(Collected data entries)
lemma expected_weight_le_potential:
  assumes "strict_poset_on S gt" "finite S"
  shows "(\<integral>\<^sup>+t. real (tree_weight t) \<partial>measure_pmf (random_tst_fuel k gt S)) \<le> potential gt S"
  using assms
proof (induction k arbitrary: S)
  case (Suc k)
  show ?case
  proof (cases "S = {}")
    case False
    let ?D = "\<lambda>x. down_set gt S x" and ?I = "\<lambda>x. incomparable_set gt S x"
      and ?U = "\<lambda>x. up_set gt S x"
    let ?T = "\<lambda>T. measure_pmf (random_tst_fuel k gt T)"
    define W where "W t = ennreal (real (tree_weight t))" for t :: "'a ttree"
    have sub: "strict_poset_on T gt" "finite T" if "T \<subseteq> S" for T
      using strict_poset_on_subset[OF Suc.prems(1) that] finite_subset[OF that Suc.prems(2)] .
    have node: "W (Node l x m r) \<le> ennreal (real (card S - 1)) + W l + W m + W r"
      if "x \<in> S" "l \<in> set_pmf (random_tst_fuel k gt (?D x))"
        "m \<in> set_pmf (random_tst_fuel k gt (?I x))" "r \<in> set_pmf (random_tst_fuel k gt (?U x))"
      for x l m r
    proof -
      have "internal_nodes l \<le> card (?D x)" "internal_nodes m \<le> card (?I x)"
        "internal_nodes r \<le> card (?U x)"
        by (rule internal_nodes_random_tst_fuel_le[OF sub]; use that in auto)+
      then have "tree_weight (Node l x m r)
          \<le> (card S - 1) + tree_weight l + tree_weight m + tree_weight r"
        using card_pivot_partition[OF Suc.prems(1,2) \<open>x \<in> S\<close>] by simp
      then show ?thesis
        unfolding W_def by (simp add: ennreal_plus[symmetric] ennreal_leI del: ennreal_plus)
    qed
    have pivot: "(\<integral>\<^sup>+l. \<integral>\<^sup>+m. \<integral>\<^sup>+r. W (Node l x m r) \<partial>?T (?U x) \<partial>?T (?I x) \<partial>?T (?D x))
        \<le> ennreal (\<Sum>y\<in>S - {x}. 1 + node_potential gt (subproblem gt S x y) y)" if "x \<in> S" for x
    proof -
      have "(\<integral>\<^sup>+l. \<integral>\<^sup>+m. \<integral>\<^sup>+r. W (Node l x m r) \<partial>?T (?U x) \<partial>?T (?I x) \<partial>?T (?D x))
          \<le> ennreal (real (card S - 1)) + ennreal (potential gt (?D x))
            + ennreal (potential gt (?I x)) + ennreal (potential gt (?U x))"
      proof (rule nn_integral_pmf3_le)
        show "W (Node l x m r) \<le> ennreal (real (card S - 1)) + W l + W m + W r"
          if "l \<in> set_pmf (random_tst_fuel k gt (?D x))" "m \<in> set_pmf (random_tst_fuel k gt (?I x))"
            "r \<in> set_pmf (random_tst_fuel k gt (?U x))" for l m r
          using node[OF \<open>x \<in> S\<close> that] .
      qed (unfold W_def; rule Suc.IH[OF sub]; auto)+
      also have "\<dots> = ennreal (\<Sum>y\<in>S - {x}. 1 + node_potential gt (subproblem gt S x y) y)"
        unfolding potential_split_at_pivot[OF Suc.prems(1,2) that, symmetric]
        by (simp add: ennreal_plus potential_nonneg)
      finally show ?thesis .
    qed
    have "(\<integral>\<^sup>+t. W t \<partial>measure_pmf (random_tst_fuel (Suc k) gt S))
        = (\<integral>\<^sup>+x. (\<integral>\<^sup>+l. \<integral>\<^sup>+m. \<integral>\<^sup>+r. W (Node l x m r) \<partial>?T (?U x) \<partial>?T (?I x) \<partial>?T (?D x))
            \<partial>measure_pmf (pmf_of_set S))"
      using False by (simp add: W_def)
    also have "\<dots> \<le> (\<integral>\<^sup>+x. ennreal (\<Sum>y\<in>S - {x}. 1 + node_potential gt (subproblem gt S x y) y)
        \<partial>measure_pmf (pmf_of_set S))"
      using pivot False Suc.prems(2) by (intro nn_integral_mono_AE) (auto simp: AE_measure_pmf_iff)
    also have "\<dots> \<le> potential gt S"
      by (rule nn_integral_pmf_of_set_le)
        (use False Suc.prems(2) sum_pivots_potential_le[OF Suc.prems] in
          \<open>auto intro!: sum_nonneg add_nonneg_nonneg node_potential_nonneg\<close>)
    finally show ?thesis unfolding W_def .
  qed simp
qed simp

lemma node_potential_le:
  assumes fin: "finite P" and po: "strict_poset_on P gt" and yP: "y \<in> P"
  shows "node_potential gt P y \<le> 2 * (log 2 (card P) + poset_width P gt)"
proof -
  have "card P \<ge> 1" using fin yP by (auto simp: Suc_le_eq card_gt_0_iff)
  have log_le: "log 2 (real (card T) + 1) \<le> log 2 (card P)" if "T \<subseteq> P - {y}" for T
  proof -
    have "card T \<le> card (P - {y})" using that fin by (intro card_mono) auto
    then have "card T + 1 \<le> card P" using fin yP \<open>card P \<ge> 1\<close> by simp
    then show ?thesis by simp
  qed
  have "log 2 (real (card (up_set gt P y)) + 1) \<le> log 2 (card P)"
    "log 2 (real (card (down_set gt P y)) + 1) \<le> log 2 (card P)"
    using strict_poset_on_irrefl[OF po yP] by (intro log_le; auto)+
  moreover have "log 2 (card P) \<ge> 0" using \<open>card P \<ge> 1\<close> by simp
  ultimately show ?thesis unfolding node_potential_def by simp
qed

lemma potential_le:
  assumes "finite P" "strict_poset_on P gt"
  shows "potential gt P \<le> 2 * real (card P) * (log 2 (real (card P)) + real (poset_width P gt))"
proof -
  have "potential gt P \<le> (\<Sum>y\<in>P. 2 * (log 2 (card P) + poset_width P gt))"
    unfolding potential_def by (intro sum_mono node_potential_le[OF assms])
  then show ?thesis by (simp add: algebra_simps)
qed

theorem theorem15:
  "\<exists>C>0. \<forall>(P :: nat set) (gt :: nat \<Rightarrow> nat \<Rightarrow> bool).
     finite P \<longrightarrow> strict_poset_on P gt \<longrightarrow>
     measure_pmf.expectation (random_tst gt P) (\<lambda>t. real (tree_weight t))
       \<le> C * real (card P) * (log 2 (real (card P)) + real (poset_width P gt))"
proof (intro exI[of _ 2] conjI allI impI)
  fix P :: "nat set" and gt :: "nat \<Rightarrow> nat \<Rightarrow> bool"
  assume fin: "finite P" and po: "strict_poset_on P gt"
  have "(\<integral>\<^sup>+t. real (tree_weight t) \<partial>measure_pmf (random_tst gt P)) \<le> potential gt P"
    unfolding random_tst_def by (rule expected_weight_le_potential[OF po fin])
  then have "measure_pmf.expectation (random_tst gt P) (\<lambda>t. real (tree_weight t)) \<le> potential gt P"
    by (rule integral_real_bounded[OF potential_nonneg])
  also have "\<dots> \<le> 2 * real (card P) * (log 2 (real (card P)) + real (poset_width P gt))"
    by (rule potential_le[OF fin po])
  finally show "measure_pmf.expectation (random_tst gt P) (\<lambda>t. real (tree_weight t))
      \<le> 2 * real (card P) * (log 2 (real (card P)) + real (poset_width P gt))" .
qed simp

> **REQUIRED ACTION**: With the line that has "(random_tst gt P))" as the first and the line that has "unfolding random_tst_def by" as the last, repeat exactly that run of lines above and no more.

> **TASK RESULT**:
  have "(\<integral>\<^sup>+t. real (tree_weight t) \<partial>measure_pmf (random_tst gt P)) \<le> potential gt P"
    unfolding random_tst_def by (rule expected_weight_le_potential[OF po fin])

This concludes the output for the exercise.